FIG. 4 is an illustration of a system 400 for obtaining images of a subject and processing the images to produce an output image which is devoid of intensity variations due to 2D features such as colors, graphics and tape, according to an embodiment of the present disclosure. A subject 410 is one or more objects which will be represented in images or sensor data. To continue with the example used throughout this disclosure, the subject 410 could be a collection of boxes on a pallet. However, the subject 410 could be a single object such as a box, or any other plurality of objects. The techniques of the present disclosure will work on any embodiment of the subject 410, and work particularly well when the subject 410 has a relatively planar top surface 412, or any other relatively planar surface where 2D features such as colors, graphics and tape exist which need to be removed from an output image.
FIG. 4 describes one embodiment of the disclosed technique in some detail. The example embodiment of FIG. 4 depicts a scenario where the subject 410 has a horizontal top surface 412 for which an image is needed which is devoid of intensity variations due to 2D features. The placement of lights and camera in FIG. 4 are suitable for a top surface imaging scenario. However, the scenario of FIG. 4 is merely an example to illustrate the disclosed technique. Many other imaging scenarios are possible using the same disclosed techniques—such as imaging vertical side surfaces of a subject, imaging surfaces which are at oblique angles relative to vertical and horizontal directions, etc. Some scenarios involve more than one surface being imaged, more than two light sources, and combinations of output images into a composite. These scenarios are discussed further below. Again, FIG. 4 illustrates one specific, non-limiting example.
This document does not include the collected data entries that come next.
(* Let $x\in M_1$ be ap-chain recurrent. Then $\overline{[x]_{ap}}\subset M_0\cup[x]_{ap}$. In particular, if $\overline{[x]_{ap}}\subset M_1$ then $[x]_{ap}$ is closed.
   Context: Let $M\subset\mathbb{R}^d$ be closed (topology relative to $M$). Let $F:M\to M$ be continuous with $\sup_{x\in M}\|F(x)\|<\infty$. Let $d(x,y)=\max_i|x_i-y_i|$. Suppose $M=M_0\cup M_1$ (disjoint) with $M_0$ closed, $F(M_0)\subseteq M_0$ and $F(M_1)\subseteq M_1$. ap-chain recurrence. For $\delta>0$, an ap $\delta$-pseudoorbit joining $x$ to $y$ is a tuple $(\xi_0,\dots,\xi_n)\in M^{n+1}$, $n\ge1$, with: - $\xi_0=x$ and $\xi_n=y$; - $\xi_i\in M_0\Rightarrow\xi_{i+1}\in M_0$; - $d(\xi_{i+1},F(\xi_i))<\delta$ for all $i$. Write $x<_{ap}y$ if for every $\delta>0$ such a pseudoorbit exists, and $x\sim_{ap}y$ if $x<_{ap}y$ and $y<_{ap}x$. A point $x$ is ap-chain recurrent if $x\sim_{ap}x$. The set of such points is $\mathcal{R}_{ap}$. The ap-basic class $[x]_{ap}$ of $x\in\mathcal{R}_{ap}$ is its equivalence class under $\sim_{ap}$ restricted to $\mathcal{R}_{ap}$. *)

theory Defs
  imports "HOL-Analysis.Analysis"
begin

text \<open>Points of R^d are vectors of type real^'n (d = CARD('n)).
  The metric d(x,y) = max_i |x_i - y_i|.\<close>
definition maxdist :: "real^'n \<Rightarrow> real^'n \<Rightarrow> real" where
  "maxdist x y = Max (range (\<lambda>i. \<bar>x$i - y$i\<bar>))"

definition ap_pseudoorbit ::
  "(real^'n) set \<Rightarrow> (real^'n \<Rightarrow> real^'n) \<Rightarrow> (real^'n) set \<Rightarrow> real
    \<Rightarrow> real^'n \<Rightarrow> real^'n \<Rightarrow> (nat \<Rightarrow> real^'n) \<Rightarrow> nat \<Rightarrow> bool" where
  "ap_pseudoorbit M F M0 \<delta> x y \<xi> n \<longleftrightarrow>
     n \<ge> 1 \<and> (\<forall>i\<le>n. \<xi> i \<in> M) \<and> \<xi> 0 = x \<and> \<xi> n = y \<and>
     (\<forall>i<n. \<xi> i \<in> M0 \<longrightarrow> \<xi> (Suc i) \<in> M0) \<and>
     (\<forall>i<n. maxdist (\<xi> (Suc i)) (F (\<xi> i)) < \<delta>)"

definition ap_less ::
  "(real^'n) set \<Rightarrow> (real^'n \<Rightarrow> real^'n) \<Rightarrow> (real^'n) set \<Rightarrow> real^'n \<Rightarrow> real^'n \<Rightarrow> bool" where
  "ap_less M F M0 x y \<longleftrightarrow> (\<forall>\<delta>>0. \<exists>\<xi> n. ap_pseudoorbit M F M0 \<delta> x y \<xi> n)"

definition ap_equiv ::
  "(real^'n) set \<Rightarrow> (real^'n \<Rightarrow> real^'n) \<Rightarrow> (real^'n) set \<Rightarrow> real^'n \<Rightarrow> real^'n \<Rightarrow> bool" where
  "ap_equiv M F M0 x y \<longleftrightarrow> ap_less M F M0 x y \<and> ap_less M F M0 y x"

definition R_ap ::
  "(real^'n) set \<Rightarrow> (real^'n \<Rightarrow> real^'n) \<Rightarrow> (real^'n) set \<Rightarrow> (real^'n) set" where
  "R_ap M F M0 = {x \<in> M. ap_equiv M F M0 x x}"

definition ap_class ::
  "(real^'n) set \<Rightarrow> (real^'n \<Rightarrow> real^'n) \<Rightarrow> (real^'n) set \<Rightarrow> real^'n \<Rightarrow> (real^'n) set" where
  "ap_class M F M0 x = {y \<in> R_ap M F M0. ap_equiv M F M0 x y}"

end

theory Submission
  imports Defs
begin

(* Let C = [x]_ap and let y be a point of the closure of C outside M0.
   Since M0 is closed, points z of C close to y also lie outside M0, so the
   invariance constraint of ap pseudo-orbits never forbids replacing such a z by y:
   - replacing the last point z of a pseudo-orbit from x to z by y gives a
     pseudo-orbit from x to y, at the cost of the jump maxdist y z;
   - replacing the first point z of a pseudo-orbit from z to x by y gives one from
     y to x, at the cost of maxdist (F z) (F y), small by continuity of F.
   Hence x <_ap y and y <_ap x, so y ~_ap y by transitivity, and y is in C. *)

lemma component_le_maxdist: "\<bar>a$i - b$i\<bar> \<le> maxdist a b"
  unfolding maxdist_def by (rule Max_ge) auto

lemma maxdist_le: "(\<And>i. \<bar>a$i - b$i\<bar> \<le> K) \<Longrightarrow> maxdist a b \<le> K"
  unfolding maxdist_def by (subst Max_le_iff) auto

lemma maxdist_triangle: "maxdist a c \<le> maxdist a b + maxdist b c"
proof (rule maxdist_le)
  fix i
  have "\<bar>a$i - c$i\<bar> \<le> \<bar>a$i - b$i\<bar> + \<bar>b$i - c$i\<bar>" by simp
  also have "\<dots> \<le> maxdist a b + maxdist b c"
    using component_le_maxdist[of a i b] component_le_maxdist[of b i c] by simp
  finally show "\<bar>a$i - c$i\<bar> \<le> maxdist a b + maxdist b c" .
qed

(* The max-metric is dominated by the Euclidean one, so Euclidean closeness suffices. *)
lemma maxdist_le_dist: "maxdist a b \<le> dist a b"
proof (rule maxdist_le)
  fix i
  show "\<bar>a$i - b$i\<bar> \<le> dist a b"
    using component_le_norm_cart[of "a - b" i] by (simp add: dist_norm)
qed

lemma maxdist_nonneg: "0 \<le> maxdist a b"
  using component_le_maxdist[of a undefined b] by linarith

(* Transitivity of <_ap: concatenate the two pseudo-orbits. *)
lemma ap_less_trans:
  assumes "ap_less M F M0 a b" "ap_less M F M0 b c"
  shows "ap_less M F M0 a c"
  unfolding ap_less_def
proof (intro allI impI)
  fix \<delta> :: real assume "\<delta> > 0"
  then obtain \<xi> n \<eta> m where xi: "ap_pseudoorbit M F M0 \<delta> a b \<xi> n"
    and eta: "ap_pseudoorbit M F M0 \<delta> b c \<eta> m"
    using assms unfolding ap_less_def by blast
  define \<zeta> where "\<zeta> i = (if i \<le> n then \<xi> i else \<eta> (i - n))" for i
  have second_half: "\<zeta> i = \<eta> (i - n)" if "i \<ge> n" for i
    using xi eta that unfolding \<zeta>_def ap_pseudoorbit_def by auto
  have shifted_step: "\<zeta> i = \<eta> (i - n) \<and> \<zeta> (Suc i) = \<eta> (Suc (i - n)) \<and> i - n < m"
    if "\<not> i < n" "i < n + m" for i
    using second_half[of i] second_half[of "Suc i"] that by (auto simp: Suc_diff_le)
  have "ap_pseudoorbit M F M0 \<delta> a c \<zeta> (n + m)"
    unfolding ap_pseudoorbit_def
  proof (intro conjI allI impI)
    show "1 \<le> n + m" "\<zeta> 0 = a"
      using xi unfolding ap_pseudoorbit_def \<zeta>_def by auto
    show "\<zeta> (n + m) = c" using eta second_half[of "n + m"] unfolding ap_pseudoorbit_def by auto
  next
    fix i assume "i \<le> n + m"
    then show "\<zeta> i \<in> M"
      using xi eta second_half[of i] unfolding ap_pseudoorbit_def \<zeta>_def by (cases "i \<le> n") auto
  next
    fix i assume "i < n + m" "\<zeta> i \<in> M0"
    then show "\<zeta> (Suc i) \<in> M0"
      using xi eta shifted_step[of i] unfolding ap_pseudoorbit_def \<zeta>_def by (cases "i < n") auto
  next
    fix i assume "i < n + m"
    then show "maxdist (\<zeta> (Suc i)) (F (\<zeta> i)) < \<delta>"
      using xi eta shifted_step[of i] unfolding ap_pseudoorbit_def \<zeta>_def by (cases "i < n") auto
  qed
  then show "\<exists>\<xi> n. ap_pseudoorbit M F M0 \<delta> a c \<xi> n" by blast
qed

lemma ap_pseudoorbit_replace_last:
  assumes xi: "ap_pseudoorbit M F M0 \<epsilon> x z \<xi> n"
    and "y \<in> M" and "z \<in> M0 \<Longrightarrow> y \<in> M0" and "\<epsilon> + maxdist y z \<le> \<delta>"
  shows "ap_pseudoorbit M F M0 \<delta> x y (\<xi>(n := y)) n"
  unfolding ap_pseudoorbit_def
proof (intro conjI allI impI)
  show "1 \<le> n" "(\<xi>(n := y)) 0 = x" "(\<xi>(n := y)) n = y"
    using xi unfolding ap_pseudoorbit_def by auto
next
  fix i assume "i \<le> n"
  then show "(\<xi>(n := y)) i \<in> M" using assms(2) xi unfolding ap_pseudoorbit_def by auto
next
  fix i assume "i < n" "(\<xi>(n := y)) i \<in> M0"
  then show "(\<xi>(n := y)) (Suc i) \<in> M0"
    using assms(3) xi unfolding ap_pseudoorbit_def by (cases "Suc i = n") auto
next
  fix i assume i: "i < n"
  have step: "maxdist (\<xi> (Suc i)) (F (\<xi> i)) < \<epsilon>" using xi i unfolding ap_pseudoorbit_def by auto
  show "maxdist ((\<xi>(n := y)) (Suc i)) (F ((\<xi>(n := y)) i)) < \<delta>"
  proof (cases "Suc i = n")
    case True
    then have "maxdist y (F (\<xi> i)) < \<epsilon> + maxdist y z"
      using step xi maxdist_triangle[of y "F (\<xi> i)" z] unfolding ap_pseudoorbit_def by auto
    then show ?thesis using True assms(4) by auto
  next
    case False
    then show ?thesis using i step assms(4) maxdist_nonneg[of y z] by auto
  qed
qed

lemma ap_pseudoorbit_replace_first:
  assumes xi: "ap_pseudoorbit M F M0 \<epsilon> z x \<xi> n"
    and "y \<in> M" and "y \<in> M0 \<Longrightarrow> z \<in> M0" and "\<epsilon> + maxdist (F z) (F y) \<le> \<delta>"
  shows "ap_pseudoorbit M F M0 \<delta> y x (\<xi>(0 := y)) n"
  unfolding ap_pseudoorbit_def
proof (intro conjI allI impI)
  show "1 \<le> n" "(\<xi>(0 := y)) 0 = y" "(\<xi>(0 := y)) n = x"
    using xi unfolding ap_pseudoorbit_def by auto
next
  fix i assume "i \<le> n"
  then show "(\<xi>(0 := y)) i \<in> M" using assms(2) xi unfolding ap_pseudoorbit_def by auto
next
  fix i assume "i < n" "(\<xi>(0 := y)) i \<in> M0"
  then show "(\<xi>(0 := y)) (Suc i) \<in> M0"
    using assms(3) xi unfolding ap_pseudoorbit_def by (cases "i = 0") auto
next
  fix i assume i: "i < n"
  have step: "maxdist (\<xi> (Suc i)) (F (\<xi> i)) < \<epsilon>" using xi i unfolding ap_pseudoorbit_def by auto
  show "maxdist ((\<xi>(0 := y)) (Suc i)) (F ((\<xi>(0 := y)) i)) < \<delta>"
  proof (cases "i = 0")
    case True
    then have "maxdist (\<xi> 1) (F y) < \<epsilon> + maxdist (F z) (F y)"
      using step xi maxdist_triangle[of "\<xi> 1" "F y" "F z"] unfolding ap_pseudoorbit_def by auto
    then show ?thesis using True assms(4) by auto
  next
    case False
    then show ?thesis using i step assms(4) maxdist_nonneg[of "F z" "F y"] by auto
  qed
qed

lemma ap_less_closure_target:
  assumes "closed M0" and y: "y \<in> M" "y \<notin> M0" "y \<in> closure S"
    and reach: "\<And>z. z \<in> S \<Longrightarrow> ap_less M F M0 x z"
  shows "ap_less M F M0 x y"
  unfolding ap_less_def
proof (intro allI impI)
  fix \<delta> :: real assume "\<delta> > 0"
  obtain e0 where "e0 > 0" and off_M0: "\<And>w. dist w y < e0 \<Longrightarrow> w \<notin> M0"
    using assms(1) y(2) unfolding closed_def open_dist by (metis ComplD ComplI dist_commute)
  then obtain z where z: "z \<in> S" "dist z y < e0" "dist z y < \<delta>/2"
    using y(3) closure_approachable[of y S] \<open>\<delta> > 0\<close>
    by (metis half_gt_zero min_less_iff_conj)
  obtain \<xi> n where "ap_pseudoorbit M F M0 (\<delta>/2) x z \<xi> n"
    using reach[OF z(1)] \<open>\<delta> > 0\<close> unfolding ap_less_def by (meson half_gt_zero)
  moreover have "maxdist y z < \<delta>/2"
    using maxdist_le_dist[of y z] z(3) by (simp add: dist_commute)
  ultimately have "ap_pseudoorbit M F M0 \<delta> x y (\<xi>(n := y)) n"
    using off_M0[OF z(2)] y(1) by (intro ap_pseudoorbit_replace_last[where z = z]) auto
  then show "\<exists>\<xi> n. ap_pseudoorbit M F M0 \<delta> x y \<xi> n" by blast
qed

lemma ap_less_closure_source:
  assumes "continuous_on M F" "S \<subseteq> M" and y: "y \<in> M" "y \<notin> M0" "y \<in> closure S"
    and reach: "\<And>z. z \<in> S \<Longrightarrow> ap_less M F M0 z x"
  shows "ap_less M F M0 y x"
  unfolding ap_less_def
proof (intro allI impI)
  fix \<delta> :: real assume "\<delta> > 0"
  obtain e1 where "e1 > 0"
    and F_close: "\<And>w. w \<in> M \<Longrightarrow> dist w y < e1 \<Longrightarrow> dist (F w) (F y) < \<delta>/2"
    using assms(1) y(1) \<open>\<delta> > 0\<close> unfolding continuous_on_iff by (meson half_gt_zero)
  then obtain z where z: "z \<in> S" "dist z y < e1"
    using y(3) closure_approachable[of y S] by blast
  obtain \<xi> n where "ap_pseudoorbit M F M0 (\<delta>/2) z x \<xi> n"
    using reach[OF z(1)] \<open>\<delta> > 0\<close> unfolding ap_less_def by (meson half_gt_zero)
  moreover have "maxdist (F z) (F y) < \<delta>/2"
    using maxdist_le_dist[of "F z" "F y"] F_close[OF _ z(2)] z(1) assms(2) by force
  ultimately have "ap_pseudoorbit M F M0 \<delta> y x (\<xi>(0 := y)) n"
    using y(1,2) by (intro ap_pseudoorbit_replace_first[where z = z]) auto
  then show "\<exists>\<xi> n. ap_pseudoorbit M F M0 \<delta> y x \<xi> n" by blast
qed

lemma closure_ap_class_subset:
  assumes "closed M" "closed M0" "continuous_on M F"
  shows "closure (ap_class M F M0 x) \<subseteq> M0 \<union> ap_class M F M0 x"
proof
  let ?C = "ap_class M F M0 x"
  fix y assume y: "y \<in> closure ?C"
  have C_in_M: "?C \<subseteq> M" unfolding ap_class_def R_ap_def by auto
  then have "y \<in> M" using y assms(1) closure_minimal by blast
  show "y \<in> M0 \<union> ?C"
  proof (cases "y \<in> M0")
    case False
    have "ap_less M F M0 x y"
      using ap_less_closure_target[OF assms(2) \<open>y \<in> M\<close> False y]
      unfolding ap_class_def ap_equiv_def by blast
    moreover have "ap_less M F M0 y x"
      using ap_less_closure_source[OF assms(3) C_in_M \<open>y \<in> M\<close> False y]
      unfolding ap_class_def ap_equiv_def by blast
    ultimately show ?thesis
      using \<open>y \<in> M\<close> ap_less_trans
      unfolding ap_class_def R_ap_def ap_equiv_def by blast
  qed simp
qed

theorem mainTheorem3:
  fixes M M0 M1 :: "(real^'n) set" and F :: "real^'n \<Rightarrow> real^'n" and x :: "real^'n"
  assumes "closed M"
    and "continuous_on M F" and "F ` M \<subseteq> M" and "bounded (F ` M)"
    and "M = M0 \<union> M1" and "M0 \<inter> M1 = {}" and "closed M0"
    and "F ` M0 \<subseteq> M0" and "F ` M1 \<subseteq> M1"
    and "x \<in> M1" and "x \<in> R_ap M F M0"
  shows "closure (ap_class M F M0 x) \<subseteq> M0 \<union> ap_class M F M0 x
    \<and> (closure (ap_class M F M0 x) \<subseteq> M1 \<longrightarrow> closed (ap_class M F M0 x))"
proof -
  have accum: "closure (ap_class M F M0 x) \<subseteq> M0 \<union> ap_class M F M0 x"
    using closure_ap_class_subset assms(1,2,7) by blast
  moreover have "closed (ap_class M F M0 x)" if "closure (ap_class M F M0 x) \<subseteq> M1"
    using accum that assms(6) closure_subset_eq by blast
  ultimately show ?thesis by blast
qed

end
A first light 420 and a second light 422 are fixed at different locations directed downward at an oblique angle toward the subject 410. The lights 420/422 should not be directed vertically downward onto the horizontal top surface 412, but rather should have an aiming angle which is between vertical and horizontal. In one embodiment, the lights 420/422 have an elevation angle of 25-45° above horizontal; higher or lower elevation angles are also suitable. In a preferred embodiment, the lights 420/422 each have the same elevation angle above horizontal.
The lights 420/422 must be located in different positions from each other, as the intention is to illuminate the subject 410 differently in different images. In one embodiment, the lights 420/422, when viewed from directly above the subject 410, have positions and aiming vectors which are about 90° apart in the top view. However, other relative positional angles are also suitable—including the lights 420/422 being 180° apart in the top view (directly opposite each other). In one embodiment, the lights 420/422 are light emitting diode (LED) lights, although other types of lights are also suitable.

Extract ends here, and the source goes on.